----- Given data

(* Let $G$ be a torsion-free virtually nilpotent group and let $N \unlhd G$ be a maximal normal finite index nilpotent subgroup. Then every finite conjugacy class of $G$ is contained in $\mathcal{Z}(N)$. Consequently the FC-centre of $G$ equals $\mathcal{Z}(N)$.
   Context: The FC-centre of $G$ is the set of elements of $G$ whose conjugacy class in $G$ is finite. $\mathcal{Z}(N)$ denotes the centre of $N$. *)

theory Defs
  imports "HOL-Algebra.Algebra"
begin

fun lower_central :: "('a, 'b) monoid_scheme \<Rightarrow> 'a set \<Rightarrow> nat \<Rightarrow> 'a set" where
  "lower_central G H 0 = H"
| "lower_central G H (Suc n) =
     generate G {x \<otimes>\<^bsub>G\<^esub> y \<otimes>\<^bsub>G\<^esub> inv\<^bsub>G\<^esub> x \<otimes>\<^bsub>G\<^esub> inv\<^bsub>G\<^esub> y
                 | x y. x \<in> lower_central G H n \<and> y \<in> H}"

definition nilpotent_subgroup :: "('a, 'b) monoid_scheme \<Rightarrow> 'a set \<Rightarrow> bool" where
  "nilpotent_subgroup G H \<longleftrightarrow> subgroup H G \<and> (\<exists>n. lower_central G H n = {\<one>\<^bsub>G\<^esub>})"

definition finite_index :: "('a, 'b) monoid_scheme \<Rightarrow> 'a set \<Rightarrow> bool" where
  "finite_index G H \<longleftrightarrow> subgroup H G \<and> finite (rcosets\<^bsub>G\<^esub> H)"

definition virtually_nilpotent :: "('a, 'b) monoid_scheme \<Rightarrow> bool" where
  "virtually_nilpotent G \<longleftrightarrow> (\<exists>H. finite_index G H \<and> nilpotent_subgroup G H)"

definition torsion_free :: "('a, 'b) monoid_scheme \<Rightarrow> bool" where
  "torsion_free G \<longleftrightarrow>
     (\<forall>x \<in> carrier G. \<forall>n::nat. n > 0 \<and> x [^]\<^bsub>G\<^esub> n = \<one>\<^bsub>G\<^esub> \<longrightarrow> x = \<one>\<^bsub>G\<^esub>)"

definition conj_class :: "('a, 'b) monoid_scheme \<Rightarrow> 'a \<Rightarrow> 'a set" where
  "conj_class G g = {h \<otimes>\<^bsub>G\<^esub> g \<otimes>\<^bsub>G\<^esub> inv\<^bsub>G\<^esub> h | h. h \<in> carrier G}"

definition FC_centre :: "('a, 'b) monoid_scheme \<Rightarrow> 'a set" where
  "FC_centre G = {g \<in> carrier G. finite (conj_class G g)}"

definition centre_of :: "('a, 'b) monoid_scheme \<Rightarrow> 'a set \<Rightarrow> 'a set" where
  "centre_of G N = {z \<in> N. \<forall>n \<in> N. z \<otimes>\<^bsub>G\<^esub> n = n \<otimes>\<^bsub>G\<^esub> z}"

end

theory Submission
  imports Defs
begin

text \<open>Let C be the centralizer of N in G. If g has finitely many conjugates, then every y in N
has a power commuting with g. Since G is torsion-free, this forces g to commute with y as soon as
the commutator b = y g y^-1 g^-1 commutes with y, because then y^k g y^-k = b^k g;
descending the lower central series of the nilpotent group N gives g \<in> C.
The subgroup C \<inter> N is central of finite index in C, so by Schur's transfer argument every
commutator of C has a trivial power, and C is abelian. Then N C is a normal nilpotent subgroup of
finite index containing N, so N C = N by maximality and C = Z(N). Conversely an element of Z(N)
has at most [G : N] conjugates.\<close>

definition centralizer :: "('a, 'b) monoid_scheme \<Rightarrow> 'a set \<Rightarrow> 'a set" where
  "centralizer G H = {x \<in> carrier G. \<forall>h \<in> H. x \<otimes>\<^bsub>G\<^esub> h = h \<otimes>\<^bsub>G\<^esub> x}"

----------
----- Given data

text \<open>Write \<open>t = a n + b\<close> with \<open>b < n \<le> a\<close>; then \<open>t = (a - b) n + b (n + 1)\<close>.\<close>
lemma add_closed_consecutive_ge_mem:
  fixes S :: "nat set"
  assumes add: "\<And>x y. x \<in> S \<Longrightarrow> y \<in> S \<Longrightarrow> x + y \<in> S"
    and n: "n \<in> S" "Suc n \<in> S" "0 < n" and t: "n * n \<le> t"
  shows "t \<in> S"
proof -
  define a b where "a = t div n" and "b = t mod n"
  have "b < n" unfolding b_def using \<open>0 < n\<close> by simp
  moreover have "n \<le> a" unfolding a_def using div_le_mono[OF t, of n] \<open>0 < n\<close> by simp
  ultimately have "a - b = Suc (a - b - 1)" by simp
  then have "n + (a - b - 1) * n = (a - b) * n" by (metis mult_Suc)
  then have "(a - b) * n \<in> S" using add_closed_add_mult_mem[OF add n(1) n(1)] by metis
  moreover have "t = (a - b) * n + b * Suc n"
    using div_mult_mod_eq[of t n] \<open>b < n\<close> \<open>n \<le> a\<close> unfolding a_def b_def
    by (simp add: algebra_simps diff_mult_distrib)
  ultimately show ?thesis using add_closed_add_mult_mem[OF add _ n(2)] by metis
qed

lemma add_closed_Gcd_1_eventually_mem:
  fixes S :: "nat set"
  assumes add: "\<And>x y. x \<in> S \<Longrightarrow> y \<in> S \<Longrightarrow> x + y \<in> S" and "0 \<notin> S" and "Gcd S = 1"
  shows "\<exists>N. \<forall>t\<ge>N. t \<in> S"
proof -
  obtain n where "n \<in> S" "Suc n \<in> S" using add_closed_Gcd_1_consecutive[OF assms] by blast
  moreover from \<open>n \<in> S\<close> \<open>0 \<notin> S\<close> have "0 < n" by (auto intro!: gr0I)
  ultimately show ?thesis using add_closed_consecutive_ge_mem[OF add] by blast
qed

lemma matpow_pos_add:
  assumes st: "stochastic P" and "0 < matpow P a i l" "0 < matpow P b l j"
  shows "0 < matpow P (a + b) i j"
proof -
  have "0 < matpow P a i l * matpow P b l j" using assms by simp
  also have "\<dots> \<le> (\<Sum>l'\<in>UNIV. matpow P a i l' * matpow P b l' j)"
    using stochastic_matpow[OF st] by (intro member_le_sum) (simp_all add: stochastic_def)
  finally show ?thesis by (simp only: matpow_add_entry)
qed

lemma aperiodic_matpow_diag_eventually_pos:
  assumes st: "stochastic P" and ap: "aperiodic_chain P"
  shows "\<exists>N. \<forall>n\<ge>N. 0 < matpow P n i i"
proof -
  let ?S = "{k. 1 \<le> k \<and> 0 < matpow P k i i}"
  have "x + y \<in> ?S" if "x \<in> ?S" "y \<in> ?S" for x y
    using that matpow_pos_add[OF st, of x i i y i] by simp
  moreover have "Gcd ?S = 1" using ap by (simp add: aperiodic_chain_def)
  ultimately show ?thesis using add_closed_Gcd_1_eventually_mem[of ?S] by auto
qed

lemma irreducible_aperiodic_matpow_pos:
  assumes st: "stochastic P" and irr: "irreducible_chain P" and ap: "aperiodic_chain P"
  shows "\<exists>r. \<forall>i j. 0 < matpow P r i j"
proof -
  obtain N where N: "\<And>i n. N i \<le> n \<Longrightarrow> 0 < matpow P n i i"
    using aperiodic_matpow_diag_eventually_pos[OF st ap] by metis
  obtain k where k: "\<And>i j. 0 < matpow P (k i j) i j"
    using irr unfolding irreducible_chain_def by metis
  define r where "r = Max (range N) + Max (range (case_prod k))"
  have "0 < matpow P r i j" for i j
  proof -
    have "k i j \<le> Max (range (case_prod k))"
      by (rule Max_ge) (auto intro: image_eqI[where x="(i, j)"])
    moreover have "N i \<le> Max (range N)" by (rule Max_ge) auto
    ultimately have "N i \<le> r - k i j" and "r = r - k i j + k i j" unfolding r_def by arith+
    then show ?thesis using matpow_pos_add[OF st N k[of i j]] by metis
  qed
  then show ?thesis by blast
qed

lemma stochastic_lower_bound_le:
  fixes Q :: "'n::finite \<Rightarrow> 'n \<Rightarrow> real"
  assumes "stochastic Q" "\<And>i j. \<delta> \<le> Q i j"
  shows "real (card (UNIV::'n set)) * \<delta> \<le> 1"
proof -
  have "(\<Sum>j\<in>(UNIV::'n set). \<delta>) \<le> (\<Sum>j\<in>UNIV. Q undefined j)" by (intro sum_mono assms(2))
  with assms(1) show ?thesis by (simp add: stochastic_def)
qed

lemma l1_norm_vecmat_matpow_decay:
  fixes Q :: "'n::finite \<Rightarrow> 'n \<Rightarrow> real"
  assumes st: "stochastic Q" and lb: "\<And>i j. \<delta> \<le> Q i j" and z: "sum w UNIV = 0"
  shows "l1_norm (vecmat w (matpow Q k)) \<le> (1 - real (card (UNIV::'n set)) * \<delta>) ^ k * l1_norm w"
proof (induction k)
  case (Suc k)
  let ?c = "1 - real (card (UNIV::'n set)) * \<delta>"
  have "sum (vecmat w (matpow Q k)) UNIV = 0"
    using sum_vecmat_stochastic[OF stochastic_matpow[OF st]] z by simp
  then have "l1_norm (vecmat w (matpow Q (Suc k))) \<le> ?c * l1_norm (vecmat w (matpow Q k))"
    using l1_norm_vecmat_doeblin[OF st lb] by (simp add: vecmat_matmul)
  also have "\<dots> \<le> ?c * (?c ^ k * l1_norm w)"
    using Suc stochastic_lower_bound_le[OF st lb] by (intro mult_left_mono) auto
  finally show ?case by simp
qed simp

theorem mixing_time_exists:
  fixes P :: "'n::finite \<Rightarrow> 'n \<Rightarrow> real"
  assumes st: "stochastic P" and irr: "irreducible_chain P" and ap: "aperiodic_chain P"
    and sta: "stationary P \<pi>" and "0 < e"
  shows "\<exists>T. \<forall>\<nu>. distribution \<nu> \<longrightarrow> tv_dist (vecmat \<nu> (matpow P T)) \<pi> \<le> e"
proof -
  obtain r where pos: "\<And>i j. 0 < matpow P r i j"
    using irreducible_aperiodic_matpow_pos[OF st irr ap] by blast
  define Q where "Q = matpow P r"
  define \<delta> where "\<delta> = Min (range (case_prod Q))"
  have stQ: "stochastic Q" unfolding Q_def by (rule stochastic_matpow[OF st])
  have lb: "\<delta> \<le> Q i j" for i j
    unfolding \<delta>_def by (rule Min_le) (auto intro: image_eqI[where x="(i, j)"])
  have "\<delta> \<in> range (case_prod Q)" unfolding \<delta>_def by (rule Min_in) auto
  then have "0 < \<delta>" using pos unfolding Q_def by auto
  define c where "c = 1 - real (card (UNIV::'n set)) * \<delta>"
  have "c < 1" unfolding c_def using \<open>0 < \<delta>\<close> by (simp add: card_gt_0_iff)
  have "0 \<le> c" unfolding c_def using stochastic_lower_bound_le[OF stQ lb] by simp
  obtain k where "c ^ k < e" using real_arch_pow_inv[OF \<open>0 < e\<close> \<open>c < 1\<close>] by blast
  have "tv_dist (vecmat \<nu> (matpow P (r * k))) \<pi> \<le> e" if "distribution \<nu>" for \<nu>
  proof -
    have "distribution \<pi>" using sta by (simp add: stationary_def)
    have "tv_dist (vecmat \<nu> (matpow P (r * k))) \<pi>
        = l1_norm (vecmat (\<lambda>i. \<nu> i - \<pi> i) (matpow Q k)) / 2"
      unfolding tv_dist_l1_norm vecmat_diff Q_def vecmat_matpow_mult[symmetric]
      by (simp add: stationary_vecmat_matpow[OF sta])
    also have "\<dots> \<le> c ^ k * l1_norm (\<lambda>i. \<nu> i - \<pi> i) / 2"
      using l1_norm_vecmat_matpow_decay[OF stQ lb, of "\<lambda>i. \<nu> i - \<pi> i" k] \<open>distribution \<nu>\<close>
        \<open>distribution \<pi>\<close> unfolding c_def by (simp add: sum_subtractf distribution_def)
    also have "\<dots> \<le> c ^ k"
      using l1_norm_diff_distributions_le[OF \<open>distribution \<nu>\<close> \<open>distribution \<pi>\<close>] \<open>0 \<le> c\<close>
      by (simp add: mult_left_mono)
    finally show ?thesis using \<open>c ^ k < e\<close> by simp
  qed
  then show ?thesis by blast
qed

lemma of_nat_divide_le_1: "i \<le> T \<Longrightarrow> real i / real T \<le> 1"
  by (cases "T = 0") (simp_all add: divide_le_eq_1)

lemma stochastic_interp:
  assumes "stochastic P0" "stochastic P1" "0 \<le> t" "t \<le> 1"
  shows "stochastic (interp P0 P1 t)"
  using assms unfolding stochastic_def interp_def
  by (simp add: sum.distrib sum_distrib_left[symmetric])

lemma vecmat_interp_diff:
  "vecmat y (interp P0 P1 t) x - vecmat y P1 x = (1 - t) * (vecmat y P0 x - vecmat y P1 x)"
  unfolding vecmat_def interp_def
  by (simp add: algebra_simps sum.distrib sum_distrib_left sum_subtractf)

----------

• _Exercise brief_: Could you return all lines from the data above that contain the string "carrier"?

• _Answer to the exercise_:
     (\<forall>x \<in> carrier G. \<forall>n::nat. n > 0 \<and> x [^]\<^bsub>G\<^esub> n = \<one>\<^bsub>G\<^esub> \<longrightarrow> x = \<one>\<^bsub>G\<^esub>)"
  "conj_class G g = {h \<otimes>\<^bsub>G\<^esub> g \<otimes>\<^bsub>G\<^esub> inv\<^bsub>G\<^esub> h | h. h \<in> carrier G}"
  "FC_centre G = {g \<in> carrier G. finite (conj_class G g)}"
  "centralizer G H = {x \<in> carrier G. \<forall>h \<in> H. x \<otimes>\<^bsub>G\<^esub> h = h \<otimes>\<^bsub>G\<^esub> x}"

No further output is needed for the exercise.